All that is wanted is an exact copy of the line containing "by (simp add: ennreal_suminf_cmult" and the lines after it, through the end of the records.

[Records excerpted from a collection]
════════
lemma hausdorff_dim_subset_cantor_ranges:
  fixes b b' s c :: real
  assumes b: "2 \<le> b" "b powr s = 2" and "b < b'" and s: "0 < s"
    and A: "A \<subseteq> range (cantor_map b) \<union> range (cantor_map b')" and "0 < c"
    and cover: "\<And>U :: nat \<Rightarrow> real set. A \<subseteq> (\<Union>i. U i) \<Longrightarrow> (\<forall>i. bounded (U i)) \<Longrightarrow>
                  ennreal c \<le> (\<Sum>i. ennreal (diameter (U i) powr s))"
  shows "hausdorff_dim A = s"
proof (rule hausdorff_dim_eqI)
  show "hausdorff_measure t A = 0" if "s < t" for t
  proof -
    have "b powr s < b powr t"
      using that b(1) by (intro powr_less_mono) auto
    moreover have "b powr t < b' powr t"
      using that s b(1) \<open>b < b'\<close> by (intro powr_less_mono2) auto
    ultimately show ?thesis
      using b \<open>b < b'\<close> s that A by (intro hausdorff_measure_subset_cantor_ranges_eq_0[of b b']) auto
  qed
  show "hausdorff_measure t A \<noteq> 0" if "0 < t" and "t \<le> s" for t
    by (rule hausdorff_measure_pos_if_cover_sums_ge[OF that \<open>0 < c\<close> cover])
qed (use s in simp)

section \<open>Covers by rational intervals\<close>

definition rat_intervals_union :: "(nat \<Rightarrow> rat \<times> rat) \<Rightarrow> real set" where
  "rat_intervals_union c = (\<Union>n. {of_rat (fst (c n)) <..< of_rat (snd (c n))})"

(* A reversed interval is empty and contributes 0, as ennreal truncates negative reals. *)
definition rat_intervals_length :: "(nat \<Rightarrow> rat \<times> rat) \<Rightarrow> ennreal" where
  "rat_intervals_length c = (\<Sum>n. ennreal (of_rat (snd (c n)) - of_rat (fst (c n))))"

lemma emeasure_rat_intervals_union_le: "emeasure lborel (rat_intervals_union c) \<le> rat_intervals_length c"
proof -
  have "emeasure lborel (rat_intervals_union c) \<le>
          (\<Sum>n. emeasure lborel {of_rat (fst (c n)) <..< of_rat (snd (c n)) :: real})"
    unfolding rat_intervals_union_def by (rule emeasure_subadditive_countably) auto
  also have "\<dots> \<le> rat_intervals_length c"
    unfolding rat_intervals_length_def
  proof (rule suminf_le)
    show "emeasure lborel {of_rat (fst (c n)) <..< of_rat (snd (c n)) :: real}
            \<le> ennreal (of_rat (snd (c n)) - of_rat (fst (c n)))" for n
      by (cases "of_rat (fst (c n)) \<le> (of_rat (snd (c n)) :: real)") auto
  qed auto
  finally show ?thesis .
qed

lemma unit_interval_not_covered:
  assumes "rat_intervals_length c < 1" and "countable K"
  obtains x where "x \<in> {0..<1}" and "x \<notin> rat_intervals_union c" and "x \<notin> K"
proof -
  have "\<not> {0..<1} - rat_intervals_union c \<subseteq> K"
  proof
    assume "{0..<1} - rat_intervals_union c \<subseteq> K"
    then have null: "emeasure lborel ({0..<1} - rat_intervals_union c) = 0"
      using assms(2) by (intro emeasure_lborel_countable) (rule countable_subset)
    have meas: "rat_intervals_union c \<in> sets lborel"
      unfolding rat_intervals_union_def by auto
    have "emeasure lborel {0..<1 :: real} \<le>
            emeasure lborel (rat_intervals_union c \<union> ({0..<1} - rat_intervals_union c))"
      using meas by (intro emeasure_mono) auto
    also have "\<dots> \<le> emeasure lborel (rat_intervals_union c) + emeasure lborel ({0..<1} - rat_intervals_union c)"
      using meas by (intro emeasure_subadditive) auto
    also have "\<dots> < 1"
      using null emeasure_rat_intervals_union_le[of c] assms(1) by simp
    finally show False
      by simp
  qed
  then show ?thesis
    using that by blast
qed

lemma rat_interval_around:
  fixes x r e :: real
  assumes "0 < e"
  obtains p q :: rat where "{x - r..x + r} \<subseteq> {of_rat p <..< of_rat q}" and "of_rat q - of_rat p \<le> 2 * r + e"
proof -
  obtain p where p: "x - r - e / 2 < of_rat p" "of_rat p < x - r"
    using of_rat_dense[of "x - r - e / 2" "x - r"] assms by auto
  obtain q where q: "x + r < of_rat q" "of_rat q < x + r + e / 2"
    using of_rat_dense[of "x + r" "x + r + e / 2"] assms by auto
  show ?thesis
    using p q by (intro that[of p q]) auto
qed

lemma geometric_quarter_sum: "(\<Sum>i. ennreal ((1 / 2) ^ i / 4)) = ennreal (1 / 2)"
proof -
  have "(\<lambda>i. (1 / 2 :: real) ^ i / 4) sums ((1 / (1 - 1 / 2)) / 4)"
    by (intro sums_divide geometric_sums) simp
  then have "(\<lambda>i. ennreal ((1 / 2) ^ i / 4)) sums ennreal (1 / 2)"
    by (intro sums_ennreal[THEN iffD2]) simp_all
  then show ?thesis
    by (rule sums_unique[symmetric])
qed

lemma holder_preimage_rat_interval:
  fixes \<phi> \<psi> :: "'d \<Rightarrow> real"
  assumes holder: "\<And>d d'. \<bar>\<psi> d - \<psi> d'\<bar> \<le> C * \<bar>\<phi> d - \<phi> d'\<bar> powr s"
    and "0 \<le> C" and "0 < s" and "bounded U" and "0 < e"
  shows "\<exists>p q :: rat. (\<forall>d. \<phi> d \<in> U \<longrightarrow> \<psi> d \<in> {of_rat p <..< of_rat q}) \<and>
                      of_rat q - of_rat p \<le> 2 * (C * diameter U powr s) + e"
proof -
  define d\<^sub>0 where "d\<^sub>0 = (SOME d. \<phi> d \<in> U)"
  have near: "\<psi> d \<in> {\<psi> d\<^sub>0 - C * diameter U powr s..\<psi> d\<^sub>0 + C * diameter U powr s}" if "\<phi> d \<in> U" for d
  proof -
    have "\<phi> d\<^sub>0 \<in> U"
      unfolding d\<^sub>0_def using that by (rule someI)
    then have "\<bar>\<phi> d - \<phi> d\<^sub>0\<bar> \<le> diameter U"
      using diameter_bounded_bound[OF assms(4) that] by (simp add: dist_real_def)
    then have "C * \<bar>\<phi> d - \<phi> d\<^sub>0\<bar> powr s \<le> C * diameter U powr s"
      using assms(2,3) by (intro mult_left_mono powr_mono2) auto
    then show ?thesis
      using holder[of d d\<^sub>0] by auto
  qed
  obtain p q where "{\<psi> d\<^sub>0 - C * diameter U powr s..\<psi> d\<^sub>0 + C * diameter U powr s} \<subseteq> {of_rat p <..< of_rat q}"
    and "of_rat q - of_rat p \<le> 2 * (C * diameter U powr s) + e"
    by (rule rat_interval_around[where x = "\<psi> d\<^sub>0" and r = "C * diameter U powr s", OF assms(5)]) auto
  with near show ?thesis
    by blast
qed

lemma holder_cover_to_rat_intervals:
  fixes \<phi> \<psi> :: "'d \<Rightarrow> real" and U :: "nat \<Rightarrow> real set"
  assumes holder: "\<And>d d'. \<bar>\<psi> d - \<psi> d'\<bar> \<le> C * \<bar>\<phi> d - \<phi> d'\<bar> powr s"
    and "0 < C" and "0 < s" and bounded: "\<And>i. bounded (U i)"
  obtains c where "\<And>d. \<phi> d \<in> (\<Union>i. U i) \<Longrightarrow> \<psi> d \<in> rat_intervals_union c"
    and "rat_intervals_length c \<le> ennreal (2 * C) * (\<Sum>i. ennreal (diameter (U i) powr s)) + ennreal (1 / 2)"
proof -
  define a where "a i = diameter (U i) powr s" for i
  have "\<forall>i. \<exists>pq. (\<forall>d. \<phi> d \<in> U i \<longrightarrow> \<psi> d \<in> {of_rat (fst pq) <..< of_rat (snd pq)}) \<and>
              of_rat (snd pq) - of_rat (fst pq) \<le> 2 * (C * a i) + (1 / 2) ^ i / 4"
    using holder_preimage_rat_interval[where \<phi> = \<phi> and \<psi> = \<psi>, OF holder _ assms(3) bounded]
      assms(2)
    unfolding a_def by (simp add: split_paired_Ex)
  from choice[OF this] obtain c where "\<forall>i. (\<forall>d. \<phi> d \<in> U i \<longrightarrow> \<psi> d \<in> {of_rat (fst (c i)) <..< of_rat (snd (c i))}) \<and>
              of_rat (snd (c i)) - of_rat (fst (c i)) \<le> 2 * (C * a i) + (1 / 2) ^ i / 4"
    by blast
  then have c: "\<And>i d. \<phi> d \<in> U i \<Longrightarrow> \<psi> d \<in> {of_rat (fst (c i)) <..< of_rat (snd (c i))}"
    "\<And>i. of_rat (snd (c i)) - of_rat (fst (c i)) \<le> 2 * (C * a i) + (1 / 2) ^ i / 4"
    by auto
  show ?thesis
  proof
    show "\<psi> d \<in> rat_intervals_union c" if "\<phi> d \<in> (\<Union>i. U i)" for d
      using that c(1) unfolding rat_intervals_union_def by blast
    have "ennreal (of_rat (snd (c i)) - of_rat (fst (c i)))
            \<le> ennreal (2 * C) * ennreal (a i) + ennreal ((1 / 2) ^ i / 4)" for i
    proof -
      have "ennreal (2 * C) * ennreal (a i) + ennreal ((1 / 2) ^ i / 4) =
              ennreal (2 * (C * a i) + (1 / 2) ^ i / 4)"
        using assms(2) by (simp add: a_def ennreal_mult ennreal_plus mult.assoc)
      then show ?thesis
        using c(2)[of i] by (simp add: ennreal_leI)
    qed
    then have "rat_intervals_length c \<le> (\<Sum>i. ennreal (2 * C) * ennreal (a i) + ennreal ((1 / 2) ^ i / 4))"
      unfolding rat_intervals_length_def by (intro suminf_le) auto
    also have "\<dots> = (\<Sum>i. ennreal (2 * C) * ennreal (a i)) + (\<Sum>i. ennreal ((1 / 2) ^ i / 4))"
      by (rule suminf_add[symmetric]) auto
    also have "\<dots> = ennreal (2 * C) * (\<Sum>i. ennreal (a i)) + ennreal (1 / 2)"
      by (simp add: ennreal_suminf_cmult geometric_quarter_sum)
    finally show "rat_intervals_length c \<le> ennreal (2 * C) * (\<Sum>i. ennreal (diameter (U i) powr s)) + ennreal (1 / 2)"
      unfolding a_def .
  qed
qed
════════
• RESPONSE FOR THIS EXERCISE:
      by (simp add: ennreal_suminf_cmult geometric_quarter_sum)
    finally show "rat_intervals_length c \<le> ennreal (2 * C) * (\<Sum>i. ennreal (diameter (U i) powr s)) + ennreal (1 / 2)"
      unfolding a_def .
  qed
qed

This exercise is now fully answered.